Hace unos años, en el fútbol se veían jugadores mágicos que jugaban entre líneas, con el número 10 en la espalda y el balón pegado al pie. Eran los mediapuntas, los maestros del juego, los que creaban goles con un pase perfecto. Pero hoy, en los estadios de Europa, esos futbolistas casi no se ven. ¿Por qué pasó esto? Los equipos ahora juegan más rápido, defienden alto y necesitan jugadores que corran mucho. El fútbol moderno pide más intensidad, menos tiempo para pensar. Por eso, el clásico 10 se fue quedando de a poco fuera del campo.

¿Por qué ya no vemos a esos jugadores elegantes con la pelota y la camiseta 10 en el campo?

En los años anteriores, era común ver en los equipos de fútbol europeos a un jugador especial que se movía entre líneas, con un talento natural para crear jugadas, dar pases decisivos y tener el balón en los momentos clave. Este jugador, conocido como el mediapunta o simplemente el 10, era la chispa del equipo. Personajes como Diego Maradona, Zinedine Zidane, Ronaldinho o Juan Román Riquelme encarnaban ese rol con magia y elegancia. Sin embargo, en el fútbol moderno europeo, estos jugadores parecen haber desaparecido casi por completo. ¿Por qué sucede esto? Varias razones explican este cambio: el estilo de juego ha evolucionado, las exigencias físicas son mayores, los entrenadores buscan equilibrio táctico, y los jóvenes talentos ahora se desarrollan bajo otros modelos.
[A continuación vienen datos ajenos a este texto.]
lemma segre_22_chains_exist:
  fixes A B :: "real mat" and z :: complex
  assumes A: "A \<in> carrier_mat 4 4" and B: "B \<in> carrier_mat 4 4"
    and A_sym: "transpose_mat A = A" and B_sym: "transpose_mat B = B"
    and Im_z: "Im z \<noteq> 0" and seg: "segre_22 A B z"
  obtains b0 b1 where "segre_22_chains A B z b0 b1"
proof -
  from seg obtain M where A_inv: "invertible_mat A" and M: "M \<in> carrier_mat 4 4"
    and AM: "cmat A * M = cmat B" and jnf: "jordan_nf M [(2, z), (2, cnj z)]"
    unfolding segre_22_def by blast
  obtain P Q where P: "P \<in> carrier_mat 4 4" and Q: "Q \<in> carrier_mat 4 4" and PQ: "P * Q = 1\<^sub>m 4"
    and QP: "Q * P = 1\<^sub>m 4"
    and M0: "M *\<^sub>v col P 0 = z \<cdot>\<^sub>v col P 0" and M1: "M *\<^sub>v col P 1 = z \<cdot>\<^sub>v col P 1 + col P 0"
    and M2: "M *\<^sub>v col P 2 = cnj z \<cdot>\<^sub>v col P 2" and M3: "M *\<^sub>v col P 3 = cnj z \<cdot>\<^sub>v col P 3 + col P 2"
    using jordan_nf_22_chains[OF M jnf] by blast
  define c where "c k = col P k" for k
  have c: "c k \<in> carrier_vec 4" for k unfolding c_def using P col_dim[of P k] by (simp add: carrier_matD)
  have cA: "cmat A \<in> carrier_mat 4 4" and cB: "cmat B \<in> carrier_mat 4 4" using A B by auto
  have B_mult: "cmat B *\<^sub>v x = cmat A *\<^sub>v (M *\<^sub>v x)" if "x \<in> carrier_vec 4" for x
    unfolding AM[symmetric] using cA M that by simp
  have chain0: "cmat B *\<^sub>v c 0 = z \<cdot>\<^sub>v (cmat A *\<^sub>v c 0)"
    and chain1: "cmat B *\<^sub>v c 1 = z \<cdot>\<^sub>v (cmat A *\<^sub>v c 1) + cmat A *\<^sub>v c 0"
    and chain2: "cmat B *\<^sub>v c 2 = cnj z \<cdot>\<^sub>v (cmat A *\<^sub>v c 2)"
    and chain3: "cmat B *\<^sub>v c 3 = cnj z \<cdot>\<^sub>v (cmat A *\<^sub>v c 3) + cmat A *\<^sub>v c 2"
    unfolding B_mult[OF c] unfolding c_def M0 M1 M2 M3
    using cA c[unfolded c_def] by (simp_all add: mult_mat_vec mult_add_distrib_mat_vec[OF cA])
  have z_neq_cnj: "z \<noteq> cnj z" using Im_z by (metis cnj.simps(2) neg_equal_zero)
  note orth = jordan_chains_orthogonal[OF cA cB cmat_symmetric[OF A_sym] cmat_symmetric[OF B_sym]
      z_neq_cnj c c c c chain0 chain1 chain2 chain3]
  have nondegenerate: "bilinear_form (cmat A) (c 0) (c 1) \<noteq> 0"
    unfolding c_def
  proof (rule bilinear_form_basis_pairing_nonzero[OF A A_sym A_inv P Q PQ QP])
    fix k :: nat assume "k < 4" "k \<noteq> 1"
    then have "k = 0 \<or> k = 2 \<or> k = 3" by auto
    then show "bilinear_form (cmat A) (col P 0) (col P k) = 0" using orth unfolding c_def by auto
  qed simp_all
  have "segre_22_chains A B z (c 0) (c 1)"
    by unfold_locales (fact A B A_sym B_sym Im_z c chain0 chain1 nondegenerate)+
  then show thesis by (rule that)
qed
A continuación, explicamos en detalle cinco factores clave que han llevado a esta transformación.

El cambio en los sistemas tácticos modernos

Los equipos de hoy en día juegan mayormente con sistemas como el 4-3-3, el 4-2-3-1 o el 3-5-2, donde se prioriza el equilibrio entre defensa y ataque. El mediapunta clásico, que solía moverse libremente por el centro del campo, exigía un espacio que hoy ya no se le permite. En su lugar, los entrenadores prefieren mediocentros que trabajen en bloque, presionen alto y recuperen rápido el balón. Un jugador tipo 10 necesita tiempo y libertad para pensar y desplazarse, pero el fútbol moderno es mucho más rápido y físico, con menos espacio para la improvisación. Por eso, muchas veces ese rol se reemplaza por un enganche o un interno ofensivo que también defiende, y no por un clásico número 10 que solo ataca.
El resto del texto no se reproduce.